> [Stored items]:
- - -
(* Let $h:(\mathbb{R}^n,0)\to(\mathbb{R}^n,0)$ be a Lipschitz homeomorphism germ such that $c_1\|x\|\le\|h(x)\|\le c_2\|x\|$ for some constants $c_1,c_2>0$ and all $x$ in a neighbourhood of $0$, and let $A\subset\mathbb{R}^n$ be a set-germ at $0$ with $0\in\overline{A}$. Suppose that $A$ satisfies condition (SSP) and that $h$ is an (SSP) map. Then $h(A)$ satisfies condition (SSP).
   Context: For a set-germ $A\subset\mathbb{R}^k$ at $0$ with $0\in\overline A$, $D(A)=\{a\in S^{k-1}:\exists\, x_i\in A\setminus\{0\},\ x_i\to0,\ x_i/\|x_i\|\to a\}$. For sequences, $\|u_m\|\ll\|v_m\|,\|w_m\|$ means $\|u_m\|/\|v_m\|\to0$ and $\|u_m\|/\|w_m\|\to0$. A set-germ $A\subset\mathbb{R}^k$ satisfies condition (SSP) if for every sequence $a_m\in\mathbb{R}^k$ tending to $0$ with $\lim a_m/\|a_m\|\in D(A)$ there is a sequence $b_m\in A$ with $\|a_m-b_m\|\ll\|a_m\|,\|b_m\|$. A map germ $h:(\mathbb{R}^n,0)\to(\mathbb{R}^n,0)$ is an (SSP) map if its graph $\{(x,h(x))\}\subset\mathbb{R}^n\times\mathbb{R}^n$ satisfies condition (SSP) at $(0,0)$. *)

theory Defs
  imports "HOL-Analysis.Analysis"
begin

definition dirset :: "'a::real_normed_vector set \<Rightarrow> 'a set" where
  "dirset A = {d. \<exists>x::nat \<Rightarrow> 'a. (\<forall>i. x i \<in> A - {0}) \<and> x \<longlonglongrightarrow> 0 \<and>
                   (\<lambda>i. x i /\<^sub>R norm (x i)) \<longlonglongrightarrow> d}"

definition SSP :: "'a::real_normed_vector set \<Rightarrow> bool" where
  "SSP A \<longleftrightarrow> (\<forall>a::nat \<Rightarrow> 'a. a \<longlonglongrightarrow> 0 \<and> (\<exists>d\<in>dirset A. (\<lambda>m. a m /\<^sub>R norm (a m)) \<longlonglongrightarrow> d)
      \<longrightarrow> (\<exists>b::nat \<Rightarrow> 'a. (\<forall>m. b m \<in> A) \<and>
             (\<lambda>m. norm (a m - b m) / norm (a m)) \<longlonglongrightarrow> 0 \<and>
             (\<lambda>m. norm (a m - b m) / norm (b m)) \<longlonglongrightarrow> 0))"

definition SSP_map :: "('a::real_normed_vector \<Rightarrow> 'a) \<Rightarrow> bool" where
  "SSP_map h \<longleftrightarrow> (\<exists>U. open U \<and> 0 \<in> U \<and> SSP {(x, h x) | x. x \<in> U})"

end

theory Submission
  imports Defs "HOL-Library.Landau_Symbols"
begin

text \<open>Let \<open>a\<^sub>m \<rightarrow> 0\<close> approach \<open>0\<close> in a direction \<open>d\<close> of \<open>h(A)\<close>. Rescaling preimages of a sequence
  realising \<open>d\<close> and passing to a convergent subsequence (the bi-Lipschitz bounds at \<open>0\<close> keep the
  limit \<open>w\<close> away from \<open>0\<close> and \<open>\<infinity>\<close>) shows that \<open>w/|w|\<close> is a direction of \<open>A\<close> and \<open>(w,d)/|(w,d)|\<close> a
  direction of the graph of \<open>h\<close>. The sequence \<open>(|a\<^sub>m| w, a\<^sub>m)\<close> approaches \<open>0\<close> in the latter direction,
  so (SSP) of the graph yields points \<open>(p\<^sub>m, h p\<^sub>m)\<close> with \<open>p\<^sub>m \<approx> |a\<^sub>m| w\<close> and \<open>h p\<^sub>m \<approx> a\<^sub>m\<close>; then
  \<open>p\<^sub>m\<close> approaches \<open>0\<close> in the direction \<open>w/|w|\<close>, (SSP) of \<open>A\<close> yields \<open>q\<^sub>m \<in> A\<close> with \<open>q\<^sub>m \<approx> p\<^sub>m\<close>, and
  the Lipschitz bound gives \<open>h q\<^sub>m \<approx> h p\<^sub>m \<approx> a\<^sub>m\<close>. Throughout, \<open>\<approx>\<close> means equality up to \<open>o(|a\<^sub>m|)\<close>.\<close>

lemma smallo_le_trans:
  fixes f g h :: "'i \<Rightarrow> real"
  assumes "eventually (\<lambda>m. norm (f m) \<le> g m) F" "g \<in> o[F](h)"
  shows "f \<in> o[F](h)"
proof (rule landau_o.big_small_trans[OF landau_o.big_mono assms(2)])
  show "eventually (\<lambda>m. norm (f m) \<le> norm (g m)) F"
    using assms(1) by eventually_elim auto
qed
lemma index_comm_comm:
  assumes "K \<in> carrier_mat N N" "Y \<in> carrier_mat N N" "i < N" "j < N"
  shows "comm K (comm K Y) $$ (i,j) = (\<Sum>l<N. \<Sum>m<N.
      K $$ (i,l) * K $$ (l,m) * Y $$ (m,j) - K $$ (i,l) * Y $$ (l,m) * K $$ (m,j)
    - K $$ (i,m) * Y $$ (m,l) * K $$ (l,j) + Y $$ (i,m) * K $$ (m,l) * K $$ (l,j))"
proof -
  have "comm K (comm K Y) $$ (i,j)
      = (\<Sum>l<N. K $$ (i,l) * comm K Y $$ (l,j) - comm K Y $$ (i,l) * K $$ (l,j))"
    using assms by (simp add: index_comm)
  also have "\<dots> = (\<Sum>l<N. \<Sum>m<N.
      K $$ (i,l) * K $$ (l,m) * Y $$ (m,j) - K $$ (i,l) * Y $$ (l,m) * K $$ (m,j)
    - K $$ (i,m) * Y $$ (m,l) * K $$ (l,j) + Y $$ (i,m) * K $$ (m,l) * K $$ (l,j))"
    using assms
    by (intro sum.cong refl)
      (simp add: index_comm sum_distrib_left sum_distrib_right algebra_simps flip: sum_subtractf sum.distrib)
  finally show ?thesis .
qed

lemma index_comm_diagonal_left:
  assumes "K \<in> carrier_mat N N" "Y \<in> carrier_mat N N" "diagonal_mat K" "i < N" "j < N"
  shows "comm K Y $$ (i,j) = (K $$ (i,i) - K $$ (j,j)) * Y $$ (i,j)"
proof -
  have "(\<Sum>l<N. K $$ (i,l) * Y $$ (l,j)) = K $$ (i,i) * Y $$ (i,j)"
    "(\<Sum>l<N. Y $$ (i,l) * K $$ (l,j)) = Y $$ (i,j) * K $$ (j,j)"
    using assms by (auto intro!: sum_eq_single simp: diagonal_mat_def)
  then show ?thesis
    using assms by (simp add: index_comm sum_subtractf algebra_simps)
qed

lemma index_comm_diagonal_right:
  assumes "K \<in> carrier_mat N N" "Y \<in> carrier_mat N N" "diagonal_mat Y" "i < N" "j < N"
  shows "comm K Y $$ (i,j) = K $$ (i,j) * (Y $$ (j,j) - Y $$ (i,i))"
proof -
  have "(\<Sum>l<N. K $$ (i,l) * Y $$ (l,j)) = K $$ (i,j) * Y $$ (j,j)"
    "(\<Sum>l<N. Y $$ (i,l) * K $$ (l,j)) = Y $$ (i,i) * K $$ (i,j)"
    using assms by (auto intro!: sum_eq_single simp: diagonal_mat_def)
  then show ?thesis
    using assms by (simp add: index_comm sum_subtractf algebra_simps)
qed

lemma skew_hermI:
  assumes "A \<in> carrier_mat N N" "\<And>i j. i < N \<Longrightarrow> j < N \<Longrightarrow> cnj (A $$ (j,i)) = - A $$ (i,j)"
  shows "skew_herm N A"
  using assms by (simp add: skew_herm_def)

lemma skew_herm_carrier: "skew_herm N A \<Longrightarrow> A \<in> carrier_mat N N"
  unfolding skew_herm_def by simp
- - -
> [Task item]: Reproduce without change every line of the entries above, from the one containing "using assms by (simp add: skew_herm_def)" through the last.

> [Result of this exercise]:
  using assms by (simp add: skew_herm_def)

lemma skew_herm_carrier: "skew_herm N A \<Longrightarrow> A \<in> carrier_mat N N"
  unfolding skew_herm_def by simp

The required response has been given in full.